After going through the decryption routine once again, we finally get to the core of the malware: The server.jar. This is the file that contains the actual RAT code and that we can use for further analysis. And hey, we don’t have to pay for it!

BytecodeViewer original jar

Without going into too much analysis of the server.jar, we see that its config files in server/ressources are also encrypted. We can try to use the decryptor once again and make an educated guess of how we should provide it with the files. Checking size and type we find:

-rw-rw-r-- 1 michael michael 6,0K Nov 23 12:43 config.json
-rw-rw-r-- 1 michael michael 1,5K Nov 23 12:43 Key1.json
-rw-rw-r-- 1 michael michael  256 Nov 23 12:43 Key2.json


config.json: data
Key1.json:   Java serialization data, version 5
Key2.json:   data

So we conclude:

  • Key1.json is again a serialized Java Key Rep object, so this is our RSA Key
  • Key2.json is the smallest of the files with a size of 256 byte, which matches the size of the encrypted AES keys before. So it is very likely the encrypted AES key.
  • We can guess that config.json is what we want to decrypt.

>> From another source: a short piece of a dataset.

(* Let $K\ge1$ and $T\ge2$ be integers with $N=KT$ odd, let $\eta$ be an integer, and let $a_1,\dots,a_{T-1}$ be binary sequences of period $K$. Let $s=I(0_K,a_1,\dots,a_{T-1})$ and $s'=I(1_K,a_1,\dots,a_{T-1})$ (period $N$), and let $$u=I\big(s',\ L^{4^{-1}+\eta}(s')+1,\ L^{2^{-1}}(s)+1,\ L^{3\cdot 4^{-1}+\eta}(s)+1\big),$$ a binary sequence of period $4N$. For $0\le\mu<4N$ write $\mu=4\mu_1+\mu_2$ with $\mu_2\in\{0,1,2,3\}$, $0\le\mu_1<N$, and set $\tau_2=\langle\mu_1\rangle_T$, $\tau_1^{\pm}=\langle 4^{-1}\pm\eta+\mu_1\rangle_T$, $\tau_2^{\pm}=\langle 3\cdot4^{-1}\pm\eta+\mu_1\rangle_T$. (1) If $d(a_x)=c_1$ for all $x=1,\dots,T-1$ (a constant $c_1$), then $$R_u(\mu)=\begin{cases}4KT&\text{if }\mu=0,\\ 4R_s(\mu_1)&\text{if }\mu_2=0,\ \tau_2=0,\ \mu\ne0,\\ 4R_s(\mu_1)+8c_1&\text{if }\mu_2=0,\ \tau_2\ne0,\\ 0&\text{if }\mu_2=1,\ \tau_1^+=0,\\ -4c_1&\text{if }\mu_2=1,\ \tau_1^+\ne0,\\ 0&\text{if }\mu_2=2,\\ 0&\text{if }\mu_2=3,\ \tau_2^-=0,\\ -4c_1&\text{if }\mu_2=3,\ \tau_2^-\ne0.\end{cases}$$ (2) If $d(a_x)+d(a_{T-x})=0$ for all $x=1,\dots,T-1$, then $$R_u(\mu)=\begin{cases}4KT&\text{if }\mu=0,\\ 4R_s(\mu_1)&\text{if }\mu_2=0,\ \mu\ne0,\\ 0&\text{if }\mu_2=1,\ \tau_1^-=0,\\ 4d(a_{\tau_1^-})&\text{if }\mu_2=1,\ \tau_1^-\ne0,\\ 0&\text{if }\mu_2=2,\\ 0&\text{if }\mu_2=3,\ \tau_2^+=0,\\ -4d(a_{\tau_2^+})&\text{if }\mu_2=3,\ \tau_2^+\ne0.\end{cases}$$
   Context: A binary sequence of period $n$ is a map $\mathbb{Z}\to\{0,1\}$ with period $n$ (indices mod $n$). For binary sequences $a,b$ of period $n$, $R_{a,b}(\tau)=\sum_{t=0}^{n-1}(-1)^{a(t)+b(t+\tau)}$ and $R_a=R_{a,a}$. For binary sequences $b_0,\dots,b_{m-1}$ of common period $n$, $I(b_0,\dots,b_{m-1})$ is the binary sequence $v$ of period $nm$ with $v(im+j)=b_j(i)$ for $0\le i\le n-1$, $0\le j\le m-1$. $0_K$, $1_K$ are the all-zero and all-one sequences of period $K$. For a binary sequence $a$ of period $K$, $d(a)=2|\{0\le t\le K-1:a(t)=1\}|-K$. For a sequence $v$ of period $N$ and an integer $m$, $L^m(v)$ is the left shift $L^m(v)(t)=v(t+m)$, and $v+1$ is the complement $t\mapsto v(t)+1 \bmod 2$. Since $N$ is odd, $4^{-1}$ and $2^{-1}$ denote integers with $4\cdot4^{-1}\equiv1$ and $2\cdot2^{-1}\equiv1 \pmod N$ (shifts depend only on their class mod $N$). For an integer $m$, $\langle m\rangle_T\in\{0,\dots,T-1\}$ denotes the residue of $m$ modulo $T$ (well defined on classes mod $N$ since $T\mid N$). *)

theory Defs
  imports Main
begin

java -jar AdWindDecryptor.jar 
-r Key1.json -a Key2.json -i config.json -o config-decrypted.json

we decrypt the encrypted config file:

{"NETWORK":[{"PORT":1663,"DNS":"***"},{"PORT":5836,"DNS":"***"}],"INSTALL":true,"MODULE_PATH":"nJn/rKQ/E.s","PLUGIN_FOLDER":"qhAcQBGGpDA","JRE_FOLDER":"X O X O X O X O","JAR_FOLDER":"Javax","JAR_EXTENSION":"txt, jpg","ENCRYPT_KEY":"WiWWIMklVZjDdqDxHIlPkCVsm","DELAY_INSTALL":2,"NICKNAME":"X O X O X O X O","VMWARE":true,"PLUGIN_EXTENSION":"txt, jpg","WEBSITE_PROJECT":"","JAR_NAME":"Javac" 

That’s it. We can retreive the malware configuration by using the same decryption routine over and over. And if you are actually a victim of AdWind / jRAT / jBifrost this might be a good starting point to figure out who is attacking you.